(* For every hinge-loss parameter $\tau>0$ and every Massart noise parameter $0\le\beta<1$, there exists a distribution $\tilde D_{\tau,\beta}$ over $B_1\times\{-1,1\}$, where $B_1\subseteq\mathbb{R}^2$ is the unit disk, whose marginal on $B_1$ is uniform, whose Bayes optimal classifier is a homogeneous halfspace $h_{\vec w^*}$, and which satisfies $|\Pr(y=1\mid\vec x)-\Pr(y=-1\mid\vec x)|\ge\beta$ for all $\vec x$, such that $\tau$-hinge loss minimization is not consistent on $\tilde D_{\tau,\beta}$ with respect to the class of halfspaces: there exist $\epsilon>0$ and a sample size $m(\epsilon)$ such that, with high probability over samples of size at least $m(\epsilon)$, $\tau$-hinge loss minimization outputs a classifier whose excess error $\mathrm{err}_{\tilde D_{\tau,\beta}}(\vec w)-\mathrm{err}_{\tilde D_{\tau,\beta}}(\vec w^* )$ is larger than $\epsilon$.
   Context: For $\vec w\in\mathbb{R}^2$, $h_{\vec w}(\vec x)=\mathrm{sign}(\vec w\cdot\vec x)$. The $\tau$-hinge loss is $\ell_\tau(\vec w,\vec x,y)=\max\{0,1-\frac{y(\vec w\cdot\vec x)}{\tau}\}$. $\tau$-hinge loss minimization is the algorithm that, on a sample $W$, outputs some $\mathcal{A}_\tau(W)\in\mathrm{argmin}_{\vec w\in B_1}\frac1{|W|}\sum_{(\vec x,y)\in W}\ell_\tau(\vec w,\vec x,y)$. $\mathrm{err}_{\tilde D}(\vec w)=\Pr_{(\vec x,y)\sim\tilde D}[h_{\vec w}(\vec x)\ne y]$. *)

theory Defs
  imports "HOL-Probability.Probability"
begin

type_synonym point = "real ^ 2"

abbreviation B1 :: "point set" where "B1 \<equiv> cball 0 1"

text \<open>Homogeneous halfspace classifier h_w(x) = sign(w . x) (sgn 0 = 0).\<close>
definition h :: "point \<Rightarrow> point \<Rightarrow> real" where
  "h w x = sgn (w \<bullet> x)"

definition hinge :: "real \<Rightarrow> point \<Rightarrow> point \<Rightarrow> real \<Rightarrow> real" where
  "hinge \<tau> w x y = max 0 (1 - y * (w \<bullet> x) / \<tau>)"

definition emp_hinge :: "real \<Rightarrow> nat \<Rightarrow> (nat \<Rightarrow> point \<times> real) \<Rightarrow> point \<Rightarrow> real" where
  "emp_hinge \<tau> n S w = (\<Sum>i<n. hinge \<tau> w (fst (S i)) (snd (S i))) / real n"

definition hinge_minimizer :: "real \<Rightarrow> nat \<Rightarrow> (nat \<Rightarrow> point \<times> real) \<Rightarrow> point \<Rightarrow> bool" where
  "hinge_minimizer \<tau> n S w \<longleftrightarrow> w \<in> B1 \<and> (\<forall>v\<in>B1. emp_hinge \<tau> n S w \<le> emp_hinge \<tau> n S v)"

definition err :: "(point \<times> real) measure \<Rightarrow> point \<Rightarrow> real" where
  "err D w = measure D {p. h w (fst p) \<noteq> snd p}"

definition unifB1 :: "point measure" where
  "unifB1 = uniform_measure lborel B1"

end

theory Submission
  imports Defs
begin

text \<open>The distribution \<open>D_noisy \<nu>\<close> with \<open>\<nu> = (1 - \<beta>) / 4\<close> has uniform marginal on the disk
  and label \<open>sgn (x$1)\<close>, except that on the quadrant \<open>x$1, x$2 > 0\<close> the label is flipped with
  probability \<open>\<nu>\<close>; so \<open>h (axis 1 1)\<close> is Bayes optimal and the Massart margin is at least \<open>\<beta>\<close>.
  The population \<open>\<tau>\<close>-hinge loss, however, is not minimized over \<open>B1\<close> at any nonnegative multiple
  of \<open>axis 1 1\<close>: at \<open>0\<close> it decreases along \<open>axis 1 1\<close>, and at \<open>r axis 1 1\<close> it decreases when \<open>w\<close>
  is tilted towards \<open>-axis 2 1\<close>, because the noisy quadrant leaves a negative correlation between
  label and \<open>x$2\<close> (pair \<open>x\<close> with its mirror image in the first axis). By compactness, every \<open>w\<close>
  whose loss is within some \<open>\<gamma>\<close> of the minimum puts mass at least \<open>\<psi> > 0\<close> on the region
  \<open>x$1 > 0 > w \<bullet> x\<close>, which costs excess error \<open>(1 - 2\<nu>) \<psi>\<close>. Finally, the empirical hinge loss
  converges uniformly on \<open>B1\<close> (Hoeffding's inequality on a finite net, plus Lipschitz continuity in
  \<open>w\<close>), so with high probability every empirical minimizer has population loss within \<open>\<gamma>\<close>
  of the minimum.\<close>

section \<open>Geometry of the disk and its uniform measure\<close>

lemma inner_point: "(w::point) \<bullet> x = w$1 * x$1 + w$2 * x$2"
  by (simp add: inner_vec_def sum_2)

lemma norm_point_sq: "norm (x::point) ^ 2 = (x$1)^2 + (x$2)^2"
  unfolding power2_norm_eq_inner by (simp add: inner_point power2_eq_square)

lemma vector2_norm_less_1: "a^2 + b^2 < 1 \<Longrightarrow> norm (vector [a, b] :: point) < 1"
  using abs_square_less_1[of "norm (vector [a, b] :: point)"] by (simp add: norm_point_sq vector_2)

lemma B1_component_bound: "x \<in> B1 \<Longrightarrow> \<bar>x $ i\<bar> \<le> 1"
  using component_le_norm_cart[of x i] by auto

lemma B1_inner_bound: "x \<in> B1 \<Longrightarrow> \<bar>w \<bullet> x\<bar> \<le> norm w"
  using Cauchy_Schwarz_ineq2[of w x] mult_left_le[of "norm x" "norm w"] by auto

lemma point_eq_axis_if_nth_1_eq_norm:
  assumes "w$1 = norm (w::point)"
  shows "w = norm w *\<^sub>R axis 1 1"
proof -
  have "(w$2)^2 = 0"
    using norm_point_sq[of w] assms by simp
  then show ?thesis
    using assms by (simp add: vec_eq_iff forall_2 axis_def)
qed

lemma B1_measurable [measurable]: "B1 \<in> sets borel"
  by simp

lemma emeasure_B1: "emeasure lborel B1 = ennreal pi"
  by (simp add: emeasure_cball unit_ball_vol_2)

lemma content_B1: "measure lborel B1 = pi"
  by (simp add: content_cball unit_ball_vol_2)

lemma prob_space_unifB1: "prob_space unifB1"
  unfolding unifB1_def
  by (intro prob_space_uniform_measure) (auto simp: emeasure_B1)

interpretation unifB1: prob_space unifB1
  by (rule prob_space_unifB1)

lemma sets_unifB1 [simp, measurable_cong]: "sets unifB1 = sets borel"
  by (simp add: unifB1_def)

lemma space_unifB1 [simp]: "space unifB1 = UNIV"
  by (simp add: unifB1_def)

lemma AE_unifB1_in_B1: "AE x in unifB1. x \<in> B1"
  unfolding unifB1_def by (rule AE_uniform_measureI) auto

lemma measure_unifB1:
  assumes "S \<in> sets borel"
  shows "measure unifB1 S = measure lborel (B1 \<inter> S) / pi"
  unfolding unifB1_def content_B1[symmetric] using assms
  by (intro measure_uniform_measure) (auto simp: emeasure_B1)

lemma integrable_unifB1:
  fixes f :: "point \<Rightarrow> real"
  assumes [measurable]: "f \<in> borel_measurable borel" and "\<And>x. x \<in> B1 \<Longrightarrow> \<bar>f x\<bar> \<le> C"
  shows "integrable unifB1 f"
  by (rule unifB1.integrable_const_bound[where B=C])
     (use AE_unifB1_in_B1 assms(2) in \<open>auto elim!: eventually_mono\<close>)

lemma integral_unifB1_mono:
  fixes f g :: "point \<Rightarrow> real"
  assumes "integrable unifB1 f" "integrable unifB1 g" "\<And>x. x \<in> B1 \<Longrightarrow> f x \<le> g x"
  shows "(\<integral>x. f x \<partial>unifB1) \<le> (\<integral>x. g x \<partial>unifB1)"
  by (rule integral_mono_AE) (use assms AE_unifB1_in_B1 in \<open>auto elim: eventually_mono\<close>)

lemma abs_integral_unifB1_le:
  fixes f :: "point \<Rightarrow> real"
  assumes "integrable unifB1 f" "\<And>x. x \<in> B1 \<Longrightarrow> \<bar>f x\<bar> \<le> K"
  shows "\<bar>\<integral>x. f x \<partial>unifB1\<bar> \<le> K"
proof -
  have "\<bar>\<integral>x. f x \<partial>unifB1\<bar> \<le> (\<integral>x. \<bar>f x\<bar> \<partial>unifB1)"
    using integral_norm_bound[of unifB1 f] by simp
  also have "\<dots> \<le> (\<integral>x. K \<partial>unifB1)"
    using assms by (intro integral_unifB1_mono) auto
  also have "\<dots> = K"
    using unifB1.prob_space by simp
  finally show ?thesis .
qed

---*---

What you should do ::
Copy out all lines of the material containing the word "population".

Your response ::
  The population \<open>\<tau>\<close>-hinge loss, however, is not minimized over \<open>B1\<close> at any nonnegative multiple
  \<open>w\<close>), so with high probability every empirical minimizer has population loss within \<open>\<gamma>\<close>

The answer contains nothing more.